EXERCISE DIRECTIONS:
For the records below, say how many lines contain the string "conjI". Give the number only.

MATERIALS PROVIDED:
section \<open>Candidates: the in-sets of the models of \<open>\<Pi>\<close>\<close>

locale af_encoding =
  fixes A :: "'a set" and R :: "('a \<times> 'a) set" and k :: nat
    and \<phi> :: "nat \<Rightarrow> 'a" and \<Pi> :: cnf
  assumes attacks_within: "R \<subseteq> A \<times> A"
    and bij_\<phi>: "bij_betw \<phi> {1..k} A"
    and sat_\<Pi>_iff: "\<And>\<nu>. sat \<nu> \<Pi> \<longleftrightarrow> encodes_complete_nonempty A R \<phi> k \<nu>"
begin

abbreviation inargs :: "assignment \<Rightarrow> 'a set" where
  "inargs \<nu> \<equiv> INARGS \<phi> k \<nu>"

lemma finite_A: "finite A"
  using bij_betw_finite bij_\<phi> by blast

lemma idx_mem: "a \<in> A \<Longrightarrow> idx \<phi> k a \<in> {1..k}"
  unfolding idx_def using bij_\<phi> by (metis bij_betw_def inv_into_into)

lemma \<phi>_idx: "a \<in> A \<Longrightarrow> \<phi> (idx \<phi> k a) = a"
  unfolding idx_def using bij_\<phi> by (metis bij_betw_def f_inv_into_f)

lemma idx_\<phi>: "i \<in> {1..k} \<Longrightarrow> idx \<phi> k (\<phi> i) = i"
  unfolding idx_def using bij_\<phi> by (metis bij_betw_def inv_into_f_f)

lemma inargs_subset: "inargs \<nu> \<subseteq> A"
  unfolding INARGS_def using bij_\<phi> by (auto dest: bij_betwE)

lemma mem_inargs_iff:
  assumes "a \<in> A"
  shows "a \<in> inargs \<nu> \<longleftrightarrow> \<nu> (VI (idx \<phi> k a))"
proof
  assume "a \<in> inargs \<nu>"
  then obtain i where "i \<in> {1..k}" and "\<nu> (VI i)" and "a = \<phi> i"
    unfolding INARGS_def by blast
  then show "\<nu> (VI (idx \<phi> k a))"
    using idx_\<phi> by simp
next
  assume "\<nu> (VI (idx \<phi> k a))"
  moreover have "a = \<phi> (idx \<phi> k a)" and "idx \<phi> k a \<in> {1..k}"
    using assms \<phi>_idx idx_mem by auto
  ultimately show "a \<in> inargs \<nu>"
    unfolding INARGS_def by blast
qed

lemma inargs_eq_lab_in: "inargs \<nu> = {a \<in> A. lab_of \<nu> (idx \<phi> k a) = lab_in}"
  using inargs_subset[of \<nu>] mem_inargs_iff[of _ \<nu>] unfolding lab_of_def by auto

lemma inargs_lab_assignment: "inargs (lab_assignment \<phi> L) = {a \<in> A. L a = lab_in}"
  unfolding inargs_eq_lab_in by (auto simp: \<phi>_idx)

lemma sat_outer_add: "sat \<nu> (outer_add A \<phi> k S) \<longleftrightarrow> \<not> inargs \<nu> \<subseteq> S"
  using inargs_subset[of \<nu>] mem_inargs_iff[of _ \<nu>] unfolding sat_outer_add_iff by auto

lemma sat_inner_add: "S \<subseteq> A \<Longrightarrow> sat \<nu> (inner_add A \<phi> k S) \<longleftrightarrow> S \<subset> inargs \<nu>"
  using inargs_subset[of \<nu>] mem_inargs_iff[of _ \<nu>] unfolding sat_inner_add_iff by auto

lemma encodes_lab_assignment:
  assumes "complete_labelling A R L" and "\<exists>a\<in>A. L a = lab_in"
  shows "encodes_complete_nonempty A R \<phi> k (lab_assignment \<phi> L)"
  unfolding encodes_complete_nonempty_def
proof (intro conjI)
  show "complete_labelling A R (\<lambda>a. lab_of (lab_assignment \<phi> L) (idx \<phi> k a))"
    using complete_labelling_cong[OF attacks_within _ assms(1)] by (simp add: \<phi>_idx)
  show "\<exists>a\<in>A. lab_of (lab_assignment \<phi> L) (idx \<phi> k a) = lab_in"
    using assms(2) by (simp add: \<phi>_idx)
qed (auto simp: lab_assignment_def label_undec_iff)

definition candidates :: "'a set set" where
  "candidates = {inargs \<nu> | \<nu>. sat \<nu> \<Pi>}"

definition maximal_candidates :: "'a set set" where
  "maximal_candidates = {X \<in> candidates. \<forall>Y\<in>candidates. X \<subseteq> Y \<longrightarrow> Y = X}"

lemma candidate_admissible:
  assumes "X \<in> candidates"
  shows "admissible A R X" and "X \<noteq> {}"
proof -
  obtain \<nu> where X: "X = inargs \<nu>" and "sat \<nu> \<Pi>"
    using assms unfolding candidates_def by blast
  then have enc: "encodes_complete_nonempty A R \<phi> k \<nu>"
    using sat_\<Pi>_iff by blast
  then show "admissible A R X"
    unfolding X inargs_eq_lab_in encodes_complete_nonempty_def
    using complete_labelling_in_admissible[OF attacks_within] by blast
  show "X \<noteq> {}"
    using enc unfolding X inargs_eq_lab_in encodes_complete_nonempty_def by blast
qed

lemma preferred_candidate:
  assumes pref: "preferred A R P" and "P \<noteq> {}"
  shows "P \<in> candidates"
proof -
  let ?\<nu> = "lab_assignment \<phi> (ext2lab R P)"
  have "P \<subseteq> A"
    using pref unfolding preferred_def admissible_def by blast
  then have in_iff: "{a \<in> A. ext2lab R P a = lab_in} = P"
    by (auto simp: ext2lab_def)
  then have "sat ?\<nu> \<Pi>"
    using encodes_lab_assignment[OF preferred_ext2lab_complete[OF pref]] \<open>P \<noteq> {}\<close> sat_\<Pi>_iff
    by blast
  moreover have "inargs ?\<nu> = P"
    using in_iff inargs_lab_assignment by simp
  ultimately show ?thesis
    unfolding candidates_def by blast
qed

lemma maximal_candidate_preferred:
  assumes "S \<in> maximal_candidates"
  shows "preferred A R S"
  unfolding preferred_def
proof (intro conjI allI impI)
  have S: "S \<in> candidates" and max: "\<forall>Y\<in>candidates. S \<subseteq> Y \<longrightarrow> Y = S"
    using assms unfolding maximal_candidates_def by auto
  show "admissible A R S"
    using candidate_admissible(1)[OF S] .
  fix T assume T: "admissible A R T \<and> S \<subseteq> T"
  then obtain P where P: "preferred A R P" "T \<subseteq> P"
    using admissible_subset_preferred[OF finite_A] by blast
  then have "P \<in> candidates"
    using preferred_candidate candidate_admissible(2)[OF S] T by blast
  then show "T = S"
    using max P T by blast
qed

lemma preferred_maximal_candidate:
  assumes "preferred A R S" and "S \<noteq> {}"
  shows "S \<in> maximal_candidates"
  using assms preferred_candidate candidate_admissible(1)
  unfolding maximal_candidates_def preferred_def by blast

lemma preferred_empty_iff: "preferred A R {} \<longleftrightarrow> maximal_candidates = {}"
proof
  assume pref: "preferred A R {}"
  show "maximal_candidates = {}"
  proof (rule ccontr)
    assume "maximal_candidates \<noteq> {}"
    then obtain M where "M \<in> candidates"
      unfolding maximal_candidates_def by blast
    then show False
      using pref candidate_admissible[of M] unfolding preferred_def by blast
  qed
next
  assume none: "maximal_candidates = {}"
  have "T = {}" if adm: "admissible A R T" for T
  proof -
    obtain P where "preferred A R P" and "T \<subseteq> P"
      using admissible_subset_preferred[OF finite_A adm] by blast
    then show ?thesis
      using preferred_maximal_candidate none by blast
  qed
  then show "preferred A R {}"
    unfolding preferred_def using admissible_empty by blast
qed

TASK RESPONSE:
2